**Task brief:** The entries follow. Copy every line in which "noteq" appears.
**** Records shown ****
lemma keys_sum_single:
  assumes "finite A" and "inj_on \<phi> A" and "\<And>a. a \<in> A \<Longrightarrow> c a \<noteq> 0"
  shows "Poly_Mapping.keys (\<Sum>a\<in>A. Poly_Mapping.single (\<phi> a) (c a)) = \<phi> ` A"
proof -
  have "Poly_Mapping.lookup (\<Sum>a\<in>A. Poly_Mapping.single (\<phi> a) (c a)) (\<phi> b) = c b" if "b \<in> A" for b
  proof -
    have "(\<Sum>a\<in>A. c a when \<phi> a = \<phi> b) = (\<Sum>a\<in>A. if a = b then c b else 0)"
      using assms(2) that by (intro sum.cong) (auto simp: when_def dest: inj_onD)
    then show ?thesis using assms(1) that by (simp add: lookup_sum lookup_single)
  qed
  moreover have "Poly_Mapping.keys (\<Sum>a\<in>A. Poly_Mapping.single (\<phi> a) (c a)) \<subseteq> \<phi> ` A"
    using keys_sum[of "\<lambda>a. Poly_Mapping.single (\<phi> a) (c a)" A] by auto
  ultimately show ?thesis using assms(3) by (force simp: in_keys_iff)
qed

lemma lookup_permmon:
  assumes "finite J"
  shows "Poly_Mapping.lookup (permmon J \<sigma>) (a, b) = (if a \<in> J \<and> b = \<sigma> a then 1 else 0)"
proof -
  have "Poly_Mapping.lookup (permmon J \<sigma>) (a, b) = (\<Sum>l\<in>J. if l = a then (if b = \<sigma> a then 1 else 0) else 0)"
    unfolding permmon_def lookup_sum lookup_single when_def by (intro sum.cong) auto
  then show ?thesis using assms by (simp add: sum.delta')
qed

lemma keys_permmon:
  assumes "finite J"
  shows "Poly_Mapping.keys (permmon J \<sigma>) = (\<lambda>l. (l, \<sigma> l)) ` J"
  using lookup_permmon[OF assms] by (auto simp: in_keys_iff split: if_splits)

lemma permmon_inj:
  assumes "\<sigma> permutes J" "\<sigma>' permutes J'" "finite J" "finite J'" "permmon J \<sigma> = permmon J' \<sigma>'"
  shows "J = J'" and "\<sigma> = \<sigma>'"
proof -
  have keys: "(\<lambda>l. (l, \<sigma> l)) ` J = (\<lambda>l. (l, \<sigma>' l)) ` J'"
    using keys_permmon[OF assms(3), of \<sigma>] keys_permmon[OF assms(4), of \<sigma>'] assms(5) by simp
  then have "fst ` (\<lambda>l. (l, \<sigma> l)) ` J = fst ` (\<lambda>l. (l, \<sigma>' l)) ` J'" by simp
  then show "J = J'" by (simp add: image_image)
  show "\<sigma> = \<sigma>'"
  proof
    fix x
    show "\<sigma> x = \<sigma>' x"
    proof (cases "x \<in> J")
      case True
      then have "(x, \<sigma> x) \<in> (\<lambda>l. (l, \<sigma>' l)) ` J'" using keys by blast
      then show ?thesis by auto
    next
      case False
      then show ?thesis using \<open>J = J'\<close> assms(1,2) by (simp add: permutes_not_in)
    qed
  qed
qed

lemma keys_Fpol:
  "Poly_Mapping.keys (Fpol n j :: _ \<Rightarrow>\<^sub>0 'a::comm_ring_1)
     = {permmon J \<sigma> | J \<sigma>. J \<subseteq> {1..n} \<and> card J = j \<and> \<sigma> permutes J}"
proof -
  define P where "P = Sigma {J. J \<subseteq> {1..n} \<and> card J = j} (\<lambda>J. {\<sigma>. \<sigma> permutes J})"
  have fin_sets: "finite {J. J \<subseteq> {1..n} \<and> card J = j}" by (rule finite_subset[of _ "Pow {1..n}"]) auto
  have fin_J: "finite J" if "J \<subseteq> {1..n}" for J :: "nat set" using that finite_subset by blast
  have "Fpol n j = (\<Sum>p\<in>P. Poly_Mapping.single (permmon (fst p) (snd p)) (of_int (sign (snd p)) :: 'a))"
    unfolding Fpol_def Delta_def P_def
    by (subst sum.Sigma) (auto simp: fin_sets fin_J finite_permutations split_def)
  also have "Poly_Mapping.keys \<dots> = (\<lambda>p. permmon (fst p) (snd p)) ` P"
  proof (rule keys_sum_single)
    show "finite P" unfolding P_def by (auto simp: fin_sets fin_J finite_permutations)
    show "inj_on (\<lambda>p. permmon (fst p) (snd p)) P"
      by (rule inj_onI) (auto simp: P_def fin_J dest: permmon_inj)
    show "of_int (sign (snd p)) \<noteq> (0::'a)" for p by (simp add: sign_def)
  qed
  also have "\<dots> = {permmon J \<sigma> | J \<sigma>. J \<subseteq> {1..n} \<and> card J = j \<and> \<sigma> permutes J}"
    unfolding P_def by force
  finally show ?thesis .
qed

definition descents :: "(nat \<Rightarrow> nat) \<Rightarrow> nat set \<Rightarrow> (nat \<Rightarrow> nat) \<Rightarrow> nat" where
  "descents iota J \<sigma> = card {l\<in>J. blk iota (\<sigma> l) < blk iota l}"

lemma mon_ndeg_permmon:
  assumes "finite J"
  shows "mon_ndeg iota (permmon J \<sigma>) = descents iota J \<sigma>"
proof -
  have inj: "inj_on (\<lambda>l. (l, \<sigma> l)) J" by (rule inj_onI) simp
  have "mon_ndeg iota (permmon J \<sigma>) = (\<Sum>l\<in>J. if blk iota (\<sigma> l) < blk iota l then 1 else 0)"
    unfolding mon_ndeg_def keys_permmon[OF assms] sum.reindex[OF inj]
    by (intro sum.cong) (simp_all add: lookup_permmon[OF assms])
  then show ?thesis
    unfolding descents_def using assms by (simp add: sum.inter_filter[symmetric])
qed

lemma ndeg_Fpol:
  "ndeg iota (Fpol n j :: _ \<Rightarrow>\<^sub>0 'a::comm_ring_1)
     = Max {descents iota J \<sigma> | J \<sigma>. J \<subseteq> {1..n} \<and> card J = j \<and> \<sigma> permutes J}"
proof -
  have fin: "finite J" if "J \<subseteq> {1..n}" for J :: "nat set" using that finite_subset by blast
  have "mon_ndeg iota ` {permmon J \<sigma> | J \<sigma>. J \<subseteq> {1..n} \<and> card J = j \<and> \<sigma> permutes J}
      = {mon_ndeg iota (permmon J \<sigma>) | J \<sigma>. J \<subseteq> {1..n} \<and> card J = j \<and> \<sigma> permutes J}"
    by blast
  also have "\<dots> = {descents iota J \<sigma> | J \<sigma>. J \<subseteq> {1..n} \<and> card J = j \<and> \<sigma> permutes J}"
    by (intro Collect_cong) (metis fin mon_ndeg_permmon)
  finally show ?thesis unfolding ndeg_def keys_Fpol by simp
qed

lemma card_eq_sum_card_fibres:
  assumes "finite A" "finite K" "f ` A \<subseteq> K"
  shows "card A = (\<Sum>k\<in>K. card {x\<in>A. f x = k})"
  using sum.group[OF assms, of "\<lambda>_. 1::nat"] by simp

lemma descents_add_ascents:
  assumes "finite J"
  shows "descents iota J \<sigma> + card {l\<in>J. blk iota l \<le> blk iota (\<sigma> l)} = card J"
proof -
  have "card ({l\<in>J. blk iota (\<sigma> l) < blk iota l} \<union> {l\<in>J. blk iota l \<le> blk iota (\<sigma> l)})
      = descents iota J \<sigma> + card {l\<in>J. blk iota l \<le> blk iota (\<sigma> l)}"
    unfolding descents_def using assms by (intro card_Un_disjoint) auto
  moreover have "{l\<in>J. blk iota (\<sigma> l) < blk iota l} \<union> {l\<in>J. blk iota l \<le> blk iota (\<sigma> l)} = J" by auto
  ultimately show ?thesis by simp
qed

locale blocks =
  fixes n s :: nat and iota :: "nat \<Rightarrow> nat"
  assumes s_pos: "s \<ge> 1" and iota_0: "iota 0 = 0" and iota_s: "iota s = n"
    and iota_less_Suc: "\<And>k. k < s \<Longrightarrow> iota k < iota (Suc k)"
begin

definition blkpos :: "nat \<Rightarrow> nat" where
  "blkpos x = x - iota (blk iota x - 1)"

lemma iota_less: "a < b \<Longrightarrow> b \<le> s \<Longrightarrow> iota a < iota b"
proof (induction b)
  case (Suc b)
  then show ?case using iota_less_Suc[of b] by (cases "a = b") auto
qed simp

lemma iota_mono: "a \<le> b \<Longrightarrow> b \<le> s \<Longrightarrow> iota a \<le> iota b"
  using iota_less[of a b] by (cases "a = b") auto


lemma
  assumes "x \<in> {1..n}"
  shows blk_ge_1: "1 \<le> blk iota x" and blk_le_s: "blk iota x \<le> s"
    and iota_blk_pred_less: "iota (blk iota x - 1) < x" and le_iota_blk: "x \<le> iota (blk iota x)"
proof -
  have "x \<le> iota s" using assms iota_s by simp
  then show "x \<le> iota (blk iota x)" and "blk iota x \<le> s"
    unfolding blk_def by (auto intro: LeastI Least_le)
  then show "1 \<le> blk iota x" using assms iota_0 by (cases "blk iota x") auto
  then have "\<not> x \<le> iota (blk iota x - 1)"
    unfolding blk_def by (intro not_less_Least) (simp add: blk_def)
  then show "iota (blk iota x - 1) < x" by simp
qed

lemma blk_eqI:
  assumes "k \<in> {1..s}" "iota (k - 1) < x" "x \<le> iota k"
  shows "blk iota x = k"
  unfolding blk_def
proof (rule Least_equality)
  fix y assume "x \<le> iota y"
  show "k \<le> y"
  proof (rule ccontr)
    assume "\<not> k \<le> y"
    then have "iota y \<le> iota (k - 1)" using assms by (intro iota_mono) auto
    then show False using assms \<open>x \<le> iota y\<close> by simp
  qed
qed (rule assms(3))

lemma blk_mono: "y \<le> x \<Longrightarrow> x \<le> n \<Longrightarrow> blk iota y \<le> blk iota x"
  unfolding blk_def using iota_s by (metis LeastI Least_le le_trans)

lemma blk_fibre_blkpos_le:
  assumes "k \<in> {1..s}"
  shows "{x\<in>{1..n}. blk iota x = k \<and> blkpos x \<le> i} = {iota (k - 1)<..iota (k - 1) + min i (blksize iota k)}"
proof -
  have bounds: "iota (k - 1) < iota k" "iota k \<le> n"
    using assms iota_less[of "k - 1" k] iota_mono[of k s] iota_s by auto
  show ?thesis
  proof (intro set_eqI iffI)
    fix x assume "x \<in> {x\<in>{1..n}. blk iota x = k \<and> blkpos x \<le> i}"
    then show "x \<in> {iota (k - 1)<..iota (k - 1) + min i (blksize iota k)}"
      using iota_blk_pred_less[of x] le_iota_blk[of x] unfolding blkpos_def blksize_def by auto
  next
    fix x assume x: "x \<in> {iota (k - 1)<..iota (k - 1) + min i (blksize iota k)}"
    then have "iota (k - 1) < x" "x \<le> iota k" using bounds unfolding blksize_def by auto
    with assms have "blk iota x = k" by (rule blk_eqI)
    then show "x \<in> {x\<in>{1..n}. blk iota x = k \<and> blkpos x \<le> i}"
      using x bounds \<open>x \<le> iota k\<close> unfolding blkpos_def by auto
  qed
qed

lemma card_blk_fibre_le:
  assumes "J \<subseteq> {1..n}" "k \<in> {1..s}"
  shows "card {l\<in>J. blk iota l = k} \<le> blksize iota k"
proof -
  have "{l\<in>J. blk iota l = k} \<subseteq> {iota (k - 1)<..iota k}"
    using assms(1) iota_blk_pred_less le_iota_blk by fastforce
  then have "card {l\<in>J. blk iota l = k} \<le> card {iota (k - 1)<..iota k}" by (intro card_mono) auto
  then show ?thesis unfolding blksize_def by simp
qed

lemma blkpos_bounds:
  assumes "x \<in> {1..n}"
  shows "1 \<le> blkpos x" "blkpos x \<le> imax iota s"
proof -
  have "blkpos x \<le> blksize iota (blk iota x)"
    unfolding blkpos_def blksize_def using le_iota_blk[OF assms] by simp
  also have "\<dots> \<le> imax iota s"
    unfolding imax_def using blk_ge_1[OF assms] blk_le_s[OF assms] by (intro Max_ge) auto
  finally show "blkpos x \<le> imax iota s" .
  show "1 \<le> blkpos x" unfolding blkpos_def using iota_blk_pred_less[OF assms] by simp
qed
****
**Written solution:**
  assumes "finite A" and "inj_on \<phi> A" and "\<And>a. a \<in> A \<Longrightarrow> c a \<noteq> 0"
    show "of_int (sign (snd p)) \<noteq> (0::'a)" for p by (simp add: sign_def)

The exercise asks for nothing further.